No dust cover though.

------
rajandatta
Brilliant series. I remember watching it when it was released. Recommended.

------
selimthegrim
His Scientific American column was pretty good too.

He did a good TV special on climate change around 1989-90 that’s on YouTube
somewhere

------
Balgair
Here's Burke's version of wikipedia, for those interested:
[https://webbrain.com/brainpage/brain/C6015FA0-82BF-F1FA-9D05...](https://webbrain.com/brainpage/brain/C6015FA0-82BF-F1FA-9D05-0EA9FD7F845E#-2751)

To me, Tom Scott is the person best taking up Burke's torch.

------
h2odragon
At least as of a couple years ago this was available on netflix too. We used
it in homeschooling, wonderful series.

------
alcomatt
Other shows from that era worth a watch:

The Ascent of Man

Civilisation

There's also Connections series 2, although it is not as good.

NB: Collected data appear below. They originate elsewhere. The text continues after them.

(* For $\sigma>0$ let $k_\sigma(x,y) = \exp(-\|x-y\|^2/(2\sigma^2))$ be the Gaussian kernel on $\mathbb R^d$, and let $\langle\cdot,\cdot\rangle_{\sigma'}$ denote the inner product of the RKHS $\mathcal H_{\sigma'}$ of $k_{\sigma'}$. Then for all $x,y,a,b\in\mathbb R^d$, $$\langle k_\sigma(x,\cdot)k_\sigma(y,\cdot),\ k_\sigma(a,\cdot)k_\sigma(b,\cdot)\rangle_{\sigma/\sqrt2} = k_{\sigma\sqrt2}(x,a)\,k_{\sigma\sqrt2}(x,b)\,k_{\sigma\sqrt2}(y,a)\,k_{\sigma\sqrt2}(y,b).$$ *)

theory Defs
  imports "HOL-Analysis.Analysis"
begin

definition gauss_kernel :: "real \<Rightarrow> 'a::euclidean_space \<Rightarrow> 'a \<Rightarrow> real" where
  "gauss_kernel \<sigma> x y = exp (- ((norm (x - y))\<^sup>2 / (2 * \<sigma>\<^sup>2)))"

text \<open>Kernel sections span: finite linear combinations of k(x_i, .).
  This is the dense pre-Hilbert subspace H_0 of the RKHS of k.\<close>
definition kernel_span :: "('a \<Rightarrow> 'a \<Rightarrow> real) \<Rightarrow> ('a \<Rightarrow> real) set" where
  "kernel_span k = {f. \<exists>(n::nat) c X. f = (\<lambda>z. \<Sum>i<n. c i * k (X i) z)}"

text \<open>This value does not depend on the chosen representations. The inner product
  of the full RKHS (the completion) restricts to this on H_0.\<close>
definition rkhs_inner :: "('a \<Rightarrow> 'a \<Rightarrow> real) \<Rightarrow> ('a \<Rightarrow> real) \<Rightarrow> ('a \<Rightarrow> real) \<Rightarrow> real" where
  "rkhs_inner k f g = (SOME v. \<exists>(n::nat) c X (m::nat) d Y.
      f = (\<lambda>z. \<Sum>i<n. c i * k (X i) z) \<and> g = (\<lambda>z. \<Sum>j<m. d j * k (Y j) z) \<and>
      v = (\<Sum>i<n. \<Sum>j<m. c i * d j * k (X i) (Y j)))"

end

theory Submission
  imports Defs
begin

text \<open>The product of two Gaussians of bandwidth \<open>\<sigma>\<close> centred at \<open>x\<close> and \<open>y\<close> is a constant multiple
  of the single Gaussian of bandwidth \<open>\<sigma> / sqrt 2\<close> centred at the midpoint of \<open>x\<close> and \<open>y\<close>. Hence
  both factors of the inner product are scaled kernel sections of the smaller bandwidth, and by the
  reproducing property their inner product is the kernel evaluated at the two midpoints. A
  parallelogram-type identity for the four distances \<open>|x - a|, |x - b|, |y - a|, |y - b|\<close> turns
  the resulting exponent into the right-hand side.\<close>

lemma norm_diff_sq_add_eq_midpoint:
  fixes x y z :: "'a::real_inner"
  shows "(norm (x - z))\<^sup>2 + (norm (y - z))\<^sup>2
       = 2 * (norm ((1/2) *\<^sub>R (x + y) - z))\<^sup>2 + (norm (x - y))\<^sup>2 / 2"
  by (simp add: power2_norm_eq_inner inner_simps inner_commute algebra_simps)
     (simp add: add_divide_distrib diff_divide_distrib)

lemma norm_diff_sq_four_eq_midpoints:
  fixes x y a b :: "'a::real_inner"
  shows "(norm (x - a))\<^sup>2 + (norm (x - b))\<^sup>2 + (norm (y - a))\<^sup>2 + (norm (y - b))\<^sup>2
       = (norm (x - y))\<^sup>2 + (norm (a - b))\<^sup>2
         + 4 * (norm ((1/2) *\<^sub>R (x + y) - (1/2) *\<^sub>R (a + b)))\<^sup>2"
  by (simp add: power2_norm_eq_inner inner_simps inner_commute algebra_simps)

lemma gauss_kernel_commute: "gauss_kernel \<sigma> x y = gauss_kernel \<sigma> y x"
  unfolding gauss_kernel_def by (simp add: norm_minus_commute)

lemma gauss_kernel_mult_midpoint:
  fixes x y z :: "'a::euclidean_space"
  assumes "\<sigma> \<noteq> 0"
  shows "gauss_kernel \<sigma> x z * gauss_kernel \<sigma> y z
     = exp (- ((norm (x - y))\<^sup>2 / (4 * \<sigma>\<^sup>2))) * gauss_kernel (\<sigma> / sqrt 2) ((1/2) *\<^sub>R (x + y)) z"
proof -
  have "(norm (x - z))\<^sup>2 / (2 * \<sigma>\<^sup>2) + (norm (y - z))\<^sup>2 / (2 * \<sigma>\<^sup>2)
      = (norm (x - y))\<^sup>2 / (4 * \<sigma>\<^sup>2) + (norm ((1/2) *\<^sub>R (x + y) - z))\<^sup>2 / (2 * (\<sigma> / sqrt 2)\<^sup>2)"
    using assms unfolding add_divide_distrib[symmetric] norm_diff_sq_add_eq_midpoint
    by (simp add: power_divide field_simps)
  then show ?thesis
    unfolding gauss_kernel_def exp_add[symmetric] by (simp add: algebra_simps)
qed

lemma gauss_kernel_four_product:
  fixes x y a b :: "'a::euclidean_space"
  assumes "\<sigma> \<noteq> 0"
  shows "gauss_kernel (\<sigma> * sqrt 2) x a * gauss_kernel (\<sigma> * sqrt 2) x b
        * gauss_kernel (\<sigma> * sqrt 2) y a * gauss_kernel (\<sigma> * sqrt 2) y b
      = exp (- ((norm (x - y))\<^sup>2 / (4 * \<sigma>\<^sup>2))) * exp (- ((norm (a - b))\<^sup>2 / (4 * \<sigma>\<^sup>2)))
        * gauss_kernel (\<sigma> / sqrt 2) ((1/2) *\<^sub>R (x + y)) ((1/2) *\<^sub>R (a + b))"
proof -
  have "((norm (x - a))\<^sup>2 + (norm (x - b))\<^sup>2 + (norm (y - a))\<^sup>2 + (norm (y - b))\<^sup>2) / (4 * \<sigma>\<^sup>2)
      = (norm (x - y))\<^sup>2 / (4 * \<sigma>\<^sup>2) + (norm (a - b))\<^sup>2 / (4 * \<sigma>\<^sup>2)
        + (norm ((1/2) *\<^sub>R (x + y) - (1/2) *\<^sub>R (a + b)))\<^sup>2 / (2 * (\<sigma> / sqrt 2)\<^sup>2)"
    using assms unfolding norm_diff_sq_four_eq_midpoints by (simp add: power_divide field_simps)
  then show ?thesis
    unfolding gauss_kernel_def exp_add[symmetric]
    by (simp add: power_mult_distrib add_divide_distrib algebra_simps)
qed

lemma kernel_double_sum_eq_left:
  fixes k :: "'a \<Rightarrow> 'b \<Rightarrow> real"
  assumes "f = (\<lambda>z. \<Sum>i<n. c i * k (X i) z)"
  shows "(\<Sum>i<n. \<Sum>j<m. c i * d j * k (X i) (Y j)) = (\<Sum>j<m. d j * f (Y j))"
  unfolding assms by (subst sum.swap) (simp add: sum_distrib_left mult_ac)

lemma kernel_double_sum_eq_right:
  fixes k :: "'a \<Rightarrow> 'a \<Rightarrow> real"
  assumes "\<And>u v. k u v = k v u" and "g = (\<lambda>z. \<Sum>j<m. d j * k (Y j) z)"
  shows "(\<Sum>i<n. \<Sum>j<m. c i * d j * k (X i) (Y j)) = (\<Sum>i<n. c i * g (X i))"
  unfolding assms(2) by (simp add: sum_distrib_left mult_ac assms(1)[of "X _"])

lemma rkhs_inner_kernel_sums:
  fixes n m :: nat
  assumes sym: "\<And>u v. k u v = k v u"
  shows "rkhs_inner k (\<lambda>z. \<Sum>i<n. c i * k (X i) z) (\<lambda>z. \<Sum>j<m. d j * k (Y j) z)
       = (\<Sum>i<n. \<Sum>j<m. c i * d j * k (X i) (Y j))"
    (is "rkhs_inner k ?f ?g = ?v")
proof -
  have unique: "v = ?v"
    if f: "?f = (\<lambda>z. \<Sum>i<n'. c' i * k (X' i) z)" and g: "?g = (\<lambda>z. \<Sum>j<m'. d' j * k (Y' j) z)"
      and v: "v = (\<Sum>i<n'. \<Sum>j<m'. c' i * d' j * k (X' i) (Y' j))"
    for v n' c' X' m' d' Y'
  proof -
    have "v = (\<Sum>i<n'. c' i * ?g (X' i))"
      unfolding v by (rule kernel_double_sum_eq_right[OF sym g])
    also have "\<dots> = (\<Sum>i<n'. \<Sum>j<m. c' i * d j * k (X' i) (Y j))"
      by (rule kernel_double_sum_eq_right[OF sym refl, symmetric])
    also have "\<dots> = (\<Sum>j<m. d j * ?f (Y j))"
      using kernel_double_sum_eq_left[OF refl] f by (simp add: fun_eq_iff)
    also have "\<dots> = ?v"
      by (rule kernel_double_sum_eq_left[OF refl, symmetric])
    finally show ?thesis .
  qed
  show ?thesis
    unfolding rkhs_inner_def by (rule some_equality) (blast, use unique in blast)
qed

lemma rkhs_inner_kernel_sections:
  assumes "\<And>u v. k u v = k v u"
  shows "rkhs_inner k (\<lambda>z. c * k p z) (\<lambda>z. d * k q z) = c * d * k p q"
  using rkhs_inner_kernel_sums[where k = k, OF assms, where n = 1 and c = "\<lambda>_. c" and X = "\<lambda>_. p"
      and m = 1 and d = "\<lambda>_. d" and Y = "\<lambda>_. q"] by simp

lemma kernel_section_in_kernel_span: "(\<lambda>z. c * k p z) \<in> kernel_span k"
  unfolding kernel_span_def
  by (rule CollectI, rule exI[of _ 1], rule exI[of _ "\<lambda>_. c"], rule exI[of _ "\<lambda>_. p"]) simp

theorem lemma5:
  fixes \<sigma> :: real and x y a b :: "'a::euclidean_space"
  assumes "\<sigma> > 0"
  shows "(\<lambda>z. gauss_kernel \<sigma> x z * gauss_kernel \<sigma> y z) \<in> kernel_span (gauss_kernel (\<sigma> / sqrt 2))
    \<and> (\<lambda>z. gauss_kernel \<sigma> a z * gauss_kernel \<sigma> b z) \<in> kernel_span (gauss_kernel (\<sigma> / sqrt 2))
    \<and> rkhs_inner (gauss_kernel (\<sigma> / sqrt 2))
        (\<lambda>z. gauss_kernel \<sigma> x z * gauss_kernel \<sigma> y z)
        (\<lambda>z. gauss_kernel \<sigma> a z * gauss_kernel \<sigma> b z)
      = gauss_kernel (\<sigma> * sqrt 2) x a * gauss_kernel (\<sigma> * sqrt 2) x b
        * gauss_kernel (\<sigma> * sqrt 2) y a * gauss_kernel (\<sigma> * sqrt 2) y b"
proof -
  have "\<sigma> \<noteq> 0" using assms by simp
  have inner_sections: "rkhs_inner (gauss_kernel (\<sigma> / sqrt 2)) (\<lambda>z. c * gauss_kernel (\<sigma> / sqrt 2) p z)
      (\<lambda>z. d * gauss_kernel (\<sigma> / sqrt 2) q z) = c * d * gauss_kernel (\<sigma> / sqrt 2) p q" for c d p q
    by (rule rkhs_inner_kernel_sections) (rule gauss_kernel_commute)
  show ?thesis
    unfolding gauss_kernel_mult_midpoint[OF \<open>\<sigma> \<noteq> 0\<close>] gauss_kernel_four_product[OF \<open>\<sigma> \<noteq> 0\<close>]
    by (simp add: kernel_section_in_kernel_span inner_sections)
qed

end
(* Let $k>0$. For any $m$-dimensional bodies $A,B$ with $B\subseteq A$ and $A$ downwards closed, there exists a downwards closed body $\tilde B\subseteq A$ with $\delta_k(\tilde B)\ge\delta_k(B)$.
   Context: An $m$-dimensional body is a compact subset of $\mathbb R_+^m$. A body $A$ is downwards closed if $\mathbf y\in A$ whenever $\mathbf y\in\mathbb R_+^m$ and $\mathbf y\le\mathbf x$ coordinatewise for some $\mathbf x\in A$. The $k$-deficiency is $\delta_k(A)=|A|-k\sum_{j=1}^m|A_{[m]\setminus\{j\}}|$, where $A_{[m]\setminus\{j\}}=\{\mathbf x_{-j}:\mathbf x\in A\}$ and $|\cdot|$ is Lebesgue measure in the relevant dimension. *)

theory Defs
  imports "HOL-Analysis.Analysis"
begin

text \<open>Points of the m-dimensional space are represented as extensional functions
  on the index set {..<m} (coordinates 0..m-1), i.e. elements of
  PiE {..<m} (\<lambda>_. UNIV); Lebesgue measure on R^I is the product measure
  PiM I (\<lambda>_. lborel).\<close>

definition lebI :: "nat set \<Rightarrow> (nat \<Rightarrow> real) set \<Rightarrow> real" where
  "lebI I S = measure (PiM I (\<lambda>_. lborel)) S"

definition nonneg_orthant :: "nat \<Rightarrow> (nat \<Rightarrow> real) set" where
  "nonneg_orthant m = PiE {..<m} (\<lambda>_. {0..})"

definition body :: "nat \<Rightarrow> (nat \<Rightarrow> real) set \<Rightarrow> bool" where
  "body m A \<longleftrightarrow> compact A \<and> A \<subseteq> nonneg_orthant m"

definition down_closed :: "nat \<Rightarrow> (nat \<Rightarrow> real) set \<Rightarrow> bool" where
  "down_closed m A \<longleftrightarrow>
     (\<forall>x\<in>A. \<forall>y\<in>nonneg_orthant m. (\<forall>i<m. y i \<le> x i) \<longrightarrow> y \<in> A)"

definition proj_drop :: "nat \<Rightarrow> nat \<Rightarrow> (nat \<Rightarrow> real) set \<Rightarrow> (nat \<Rightarrow> real) set" where
  "proj_drop m j A = (\<lambda>x. restrict x ({..<m} - {j})) ` A"

definition deficiency :: "real \<Rightarrow> nat \<Rightarrow> (nat \<Rightarrow> real) set \<Rightarrow> real" where
  "deficiency k m A =
     lebI {..<m} A - k * (\<Sum>j<m. lebI ({..<m} - {j}) (proj_drop m j A))"

end

theory Submission
  imports Defs
begin

text \<open>Compress B one coordinate at a time. Compressing in direction i replaces the fibre of B over
  each point of the hyperplane x_i = 0 by the interval [0, l], where l is the length of that fibre;
  by Fubini this preserves the volume. For j \<noteq> i, the fibres in direction i of the projection
  along j become intervals whose lengths are those of fibres of B, each contained in the
  corresponding fibre of the projection of B, so projected volumes do not increase and, as k \<ge> 0,
  the deficiency does not decrease. Upper semicontinuity of the fibre length keeps the compression
  compact, down-closedness of A keeps it inside A, and compressing in direction i preserves
  down-closedness in the other directions, so after compressing in all m directions the body is
  down-closed.\<close>

section \<open>Fibres\<close>

lemma continuous_on_fun_upd [continuous_intros]:
  fixes f :: "'a::topological_space \<Rightarrow> 'b \<Rightarrow> 'c::topological_space"
  assumes "continuous_on S f" "continuous_on S g"
  shows "continuous_on S (\<lambda>z. (f z)(i := g z))"
proof (rule continuous_on_coordinatewise_then_product)
  fix j
  show "continuous_on S (\<lambda>z. ((f z)(i := g z)) j)"
    using assms(2) continuous_on_product_then_coordinatewise[OF assms(1), of j]
    by (cases "j = i") auto
qed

Plus any of BBC Adam Curtis documentaries...

------
ffhhj
One of my favourite shows. Found their copy of the best documentary ever
created "Dangerous Knowledge", but it's incomplete:

[https://archive.org/details/DangerousKnowledge_201903](https://archive.org/details/DangerousKnowledge_201903)

------
hindsightbias
Burke’s After The Warming, 1989

[https://www.youtube.com/watch?v=RfE8wBReIxw](https://www.youtube.com/watch?v=RfE8wBReIxw)

------
drudru11
Connections was such a great show. Thx for this. Wish I could find the old
black and white Dr Who episodes on YouTube as well.

------
airwebster
We had a teacher in the 8th grade that basically forced us to watch the whole
thing. I liked it then. Love it now.

------
somefoobar
How hard would it be to restore the video quality? Could it be done with
consumer software?

------
rdiddly
Thanks, just watched two of them... gotta be careful or I will lose my whole
Saturday!

------
annoyingnoob
Fascinating and timely. I've always loved the series.

------
olliej
Yay I love this series!